Já referi várias vezes que, na minha opinião Miami Vice tivesse estreado primeiro que Collateral, a opinião geral tinha sido bem melhor, visto que torna-se inevitável a comparação das duas obras de Mann. Collateral, foi na minha opinião um dos melhores filmes de acção que vi nos ultimos tempos mas Miami Vice ainda assim conseguiu-me surpreender em muito. Achei que tanto Foxx como Farrell (que como sabes não faz parte dos meus actores de eleição) tiveram um desempenho bastante credível e se em Collateral Foxx assumiu um maior protagonismo que Cruise, neste, o mesmo não se verificou. Ainda assim convém referir o dedo de Mann ao longo de todo o filme, desde as cenas de acção, à banda sonora (que em Collateral também era excelente!), e à constante adrenalina visual que de tão bem pensada que foi um gajo so consegue mesmo afirmar tratar-se de um estilo já próprio de Michael Mann.
Também gostei bastante... apesar de Collateral continuar no meu TOP!

Um abraço Francisco!

1:53 da manhã  
Blogger Francisco Mendes said...

Dora: Não foi complicado perceber onde querias chegar.

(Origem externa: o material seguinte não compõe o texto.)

(* Let $q$ be a prime power, $r\ge 1$ an integer, and $\mathcal{S}$ a $q^r$-divisible spanning set of $q^{r+1}$ points in $\mathrm{PG}(v-1,q)$. Then the number of hyperplanes $H$ with $\mathcal{S}\cap H=\emptyset$ is at least $\frac{q^{v-r-1}-1}{q-1}$.
   Context: $\mathrm{PG}(v-1,q)$ is the projective space of $\mathbb{F}_q^v$; points are $1$-dimensional and hyperplanes $(v-1)$-dimensional subspaces of $\mathbb{F}_q^v$. A set $\mathcal{S}$ of points is spanning if its points span $\mathbb{F}_q^v$, and it is $q^r$-divisible if $|\mathcal{S}\cap H|\equiv|\mathcal{S}|\pmod{q^r}$ for every hyperplane $H$. *)

theory Defs
  imports "HOL-Analysis.Analysis"
begin

text \<open>Projective geometry PG(v-1,q) modelled on F_q^v = 'a ^ 'n, where 'a is a finite
field (q = CARD('a)) and v = CARD('n). Points and hyperplanes are subspaces.\<close>

definition proj_points :: "('a::field ^ 'n) set set" where
  "proj_points = {W. vec.subspace W \<and> vec.dim W = 1}"

definition proj_hyperplanes :: "('a::field ^ 'n) set set" where
  "proj_hyperplanes = {H. vec.subspace H \<and> vec.dim H = CARD('n) - 1}"

definition spanning_pointset :: "('a::field ^ 'n) set set \<Rightarrow> bool" where
  "spanning_pointset S \<longleftrightarrow> vec.span (\<Union>S) = UNIV"

definition pts_in :: "('a::field ^ 'n) set set \<Rightarrow> ('a ^ 'n) set \<Rightarrow> nat" where
  "pts_in S H = card {P \<in> S. P \<subseteq> H}"

definition divisible_pointset :: "nat \<Rightarrow> ('a::field ^ 'n) set set \<Rightarrow> bool" where
  "divisible_pointset m S \<longleftrightarrow>
     (\<forall>H \<in> proj_hyperplanes. pts_in S H mod m = card S mod m)"

end

theory Submission
  imports Defs
begin

(* Identify the hyperplanes of PG(v-1,q) with the kernels perp u of the vectors u <> 0 of F_q^v;
   each hyperplane is the kernel of exactly q - 1 of them. Let x(u) count the points of S in
   perp u. Double counting gives the first two moments of x over all u. By divisibility and
   spanning, x(u) is for u <> 0 a multiple of q^r below q^(r+1), so
   (x - q^r)(x - (q-1) q^r) <= 0 unless x(u) = 0, while x(0) = q^(r+1). Summing this quadratic
   against the moments shows that at least q^(v-r-1) - 1 vectors u <> 0 have x(u) = 0. *)

definition dot :: "'a::field ^ 'n \<Rightarrow> 'a ^ 'n \<Rightarrow> 'a" where
  "dot u p = (\<Sum>i\<in>UNIV. u $ i * p $ i)"

lemma dot_comm: "dot u p = dot p u"
  by (simp add: dot_def mult.commute)

lemma dot_add_left: "dot (u + w) p = dot u p + dot w p"
  by (simp add: dot_def distrib_right sum.distrib)

lemma dot_scale_left: "dot (c *s u) p = c * dot u p"
  by (simp add: dot_def sum_distrib_left mult.assoc)

lemma dot_diff_left: "dot (u - w) p = dot u p - dot w p"
  by (simp add: dot_def left_diff_distrib sum_subtractf)

lemma dot_add_right: "dot u (p + w) = dot u p + dot u w"
  by (simp add: dot_comm[of u] dot_add_left)

lemma dot_scale_right: "dot u (c *s p) = c * dot u p"
  by (simp add: dot_comm[of u] dot_scale_left)

lemma dot_diff_right: "dot u (p - w) = dot u p - dot u w"
  by (simp add: dot_comm[of u] dot_diff_left)

lemma dot_zero_left [simp]: "dot 0 p = 0"
  by (simp add: dot_def)

lemma dot_axis_left: "dot (axis i c) p = c * p $ i"
  unfolding dot_def axis_def by (simp add: if_distrib[of "\<lambda>x. x * _"] cong: if_cong)

lemma dot_eq_one_exists:
  fixes p :: "'a::field ^ 'n"
  assumes "p \<noteq> 0"
  obtains d where "dot d p = 1"
proof -
  obtain i where "p $ i \<noteq> 0" using assms by (auto simp: vec_eq_iff)
  then show ?thesis by (intro that[of "axis i (inverse (p $ i))"]) (simp add: dot_axis_left)
qed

André Carita: Também prefiro "Collateral". Além de ser bem mais consistente como um lascivo buddy movie, existe nesse filme um terceiro protagonista: Los Angeles, lançando-nos um olhar misticamente travesso pelas lentes digitais de Mann.

Contudo, a sua Obra-Prima continua a ser o magno "Heat".

Abraço André!

10:06 da manhã  
Blogger brain-mixer said...

Com tanta gente a elogiar o filme, fico tentado em ir vê-lo às salas... Mas creio que vou esperar pelo DVD - e assim evitar as pipocas e os telemóveis :P

11:25 da manhã  
Blogger gonn1000 said...

É um bom filme, a milhas de outros blockbusters com os quais pode confundir-se, mas não acho que seja excepcional. Não destoa na obra de Mann, o que já não é mau.

3:42 da tarde  
Blogger Francisco Mendes said...

Edgar: As pipocas andam todas viradas para super-homens e piratas.

Gonçalo: Concordo.

Helena: Muito obrigado, mais uma vez.
Quanto a Gong Li, aguardo a sua participação em "Curse of the Golden Flower", o novo projecto de Zhang Yimou.

9:10 da manhã  
Blogger Pedro_Ginja said...

A Gong Li...
Ora aí está uma boa razão para ir a uma sala de cinema. Quem diria que já está nos quarenta.

Não chega ao calcanhares de "Heat". Nem em termos de acção, de argumento. Mas talvez chegue ou mesmo ultrapasse em termos de ter sido bastante bem filmado. É o seu trunfo.

Mas sinceramente eu queria mais acção. Aquele tiroteio final não foi nada de especial.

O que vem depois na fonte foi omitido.